Repotting guide
When & how to repot Ipomoea lobata (Ipomoea lobata)
Also called Spanish flag, firecracker vine, exotic love vine.
More about ipomoea lobata
About Ipomoea lobata
Ipomoea lobata · also called Spanish flag, firecracker vine · flowering
Spanish flag is a striking annual climber from Mexico bearing one-sided spikes of tubular flowers that open scarlet and age through orange and yellow to cream, giving a multicoloured 'flag' effect. Vigorous and fast from seed, it twines up supports with three-lobed leaves and flowers from midsummer to frost, attracting bees, butterflies, and hummingbirds.
Mature size: 2-5 m of vining growth in a single season, given a tall support.
How to tell ipomoea lobata needs repotting
Repotting on a calendar is less reliable than reading the plant. For ipomoea lobata, watch for these signs:
- Roots circling the bottom of the module or pot, or poking out of the drainage holes.
- The seedling dries out within a day and growth has visibly stalled.
- Roots are white and matted in a tight spiral when you tip the plant out.
- It has outgrown its current container for the stage of the season — pot ipomoea lobata on before it becomes hard root-bound.
For the underlying biology of a pot-bound root system and why it stalls a plant, see our guide to spotting and fixing a root-bound plant.
How often to repot ipomoea lobata
Pot on seedlings as they grow; not a perennial repot. Ipomoea lobatais grown for one season, so the question is really “how often to pot on” — keep moving it up before the roots circle. Vigorous twining herbaceous annual climber; produces dense, leafy cover and abundant one-sided racemes of flowers from midsummer until the first frost..

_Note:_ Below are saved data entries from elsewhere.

text \<open>Cauchy-Schwarz leaves a gap of less than \<open>1/2\<close> above \<open>\<omega>\<^sub>k \<bullet> \<omega>\<^sub>j\<close>, and
  pairings of integral weights are half-integers.\<close>

lemma F4_fundamental_weight_inner_le:
  assumes "j \<in> {1..4}" "k \<in> {1..4}" "F4_integral v"
    and "v \<bullet> v = F4_fundamental_weight j \<bullet> F4_fundamental_weight j"
  shows "F4_fundamental_weight k \<bullet> v \<le> F4_fundamental_weight k \<bullet> F4_fundamental_weight j"
proof -
  define t where "t = F4_fundamental_weight k \<bullet> v"
  define T where "T = F4_fundamental_weight k \<bullet> F4_fundamental_weight j"
  have gap: "(F4_fundamental_weight k \<bullet> F4_fundamental_weight k)
      * (F4_fundamental_weight j \<bullet> F4_fundamental_weight j) < (T + 1/2)\<^sup>2" and "0 \<le> T"
    using assms(1,2) unfolding T_def atLeastAtMost_1_4
    by (auto simp: F4_fundamental_weight_def inner_4 power2_eq_square)
  have "t\<^sup>2 \<le> (F4_fundamental_weight k \<bullet> F4_fundamental_weight k) * (v \<bullet> v)"
    unfolding t_def by (rule Cauchy_Schwarz_ineq)
  with gap assms(4) have "t\<^sup>2 < (T + 1/2)\<^sup>2" by simp
  with \<open>0 \<le> T\<close> have "2 * t < 2 * T + 1"
    using power_less_imp_less_base[of t 2 "T + 1/2"] by simp
  moreover have "2 * t \<in> \<int>" "2 * T \<in> \<int>"
    unfolding t_def T_def using assms(3) F4_fundamental_weight_integral
    by (simp_all add: F4_integral_double_inner_Ints)
  ultimately show ?thesis
    unfolding t_def[symmetric] T_def[symmetric] using Ints_le_of_less_add_one by fastforce
qed

lemma F4_dominant_inner_le:
  assumes "F4_dominant x" "j \<in> {1..4}" "F4_integral v"
    and "v \<bullet> v = F4_fundamental_weight j \<bullet> F4_fundamental_weight j"
  shows "x \<bullet> v \<le> x \<bullet> F4_fundamental_weight j"
proof -
  define c where "c k = x \<bullet> coroot (F4_simple_root k)" for k
  have expand: "x \<bullet> y = (\<Sum>k\<in>{1..4}. c k * (F4_fundamental_weight k \<bullet> y))" for y
  proof -
    have "x \<bullet> y = (\<Sum>k\<in>{1..4}. c k *\<^sub>R F4_fundamental_weight k) \<bullet> y"
      unfolding c_def by (rule arg_cong[where f = "\<lambda>z. z \<bullet> y", OF F4_fundamental_weight_expansion])
    then show ?thesis by (simp add: inner_sum_left)
  qed
  have "(\<Sum>k\<in>{1..4}. c k * (F4_fundamental_weight k \<bullet> v))
      \<le> (\<Sum>k\<in>{1..4}. c k * (F4_fundamental_weight k \<bullet> F4_fundamental_weight j))"
    using assms F4_fundamental_weight_inner_le unfolding c_def F4_dominant_iff_coroot
    by (intro sum_mono mult_left_mono) auto
  then show ?thesis by (simp only: expand)
qed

What size pot to step ipomoea lobata up to
Pot ipomoea lobata on gradually — a seedling jumped straight into a huge pot sits in cold, wet, airless soil and stalls. Step up one or two sizes at a time as the roots fill each container, finishing in a large final pot or the ground. The aim is roots that never circle and never check.
Not sure of the exact diameter? Our pot size calculator takes the current pot and root spread and tells you the right next size — it deliberately recommends a single step up, never a big jump.
The best time of year to repot ipomoea lobata
Pot ipomoea lobata on through the active growing season, whenever roots fill the current container — there is no single date, just "before it becomes root-bound". Avoid potting on during a cold snap.
Step-by-step: repotting ipomoea lobata
- Pot on before it is root-bound. Check ipomoea lobata regularly; move it up as soon as roots reach the edge of the cell or pot, not after they have circled.
- Step up one or two sizes. Choose the next container up — not a giant one. Cold, wet, unused soil around a small root system stalls seedlings.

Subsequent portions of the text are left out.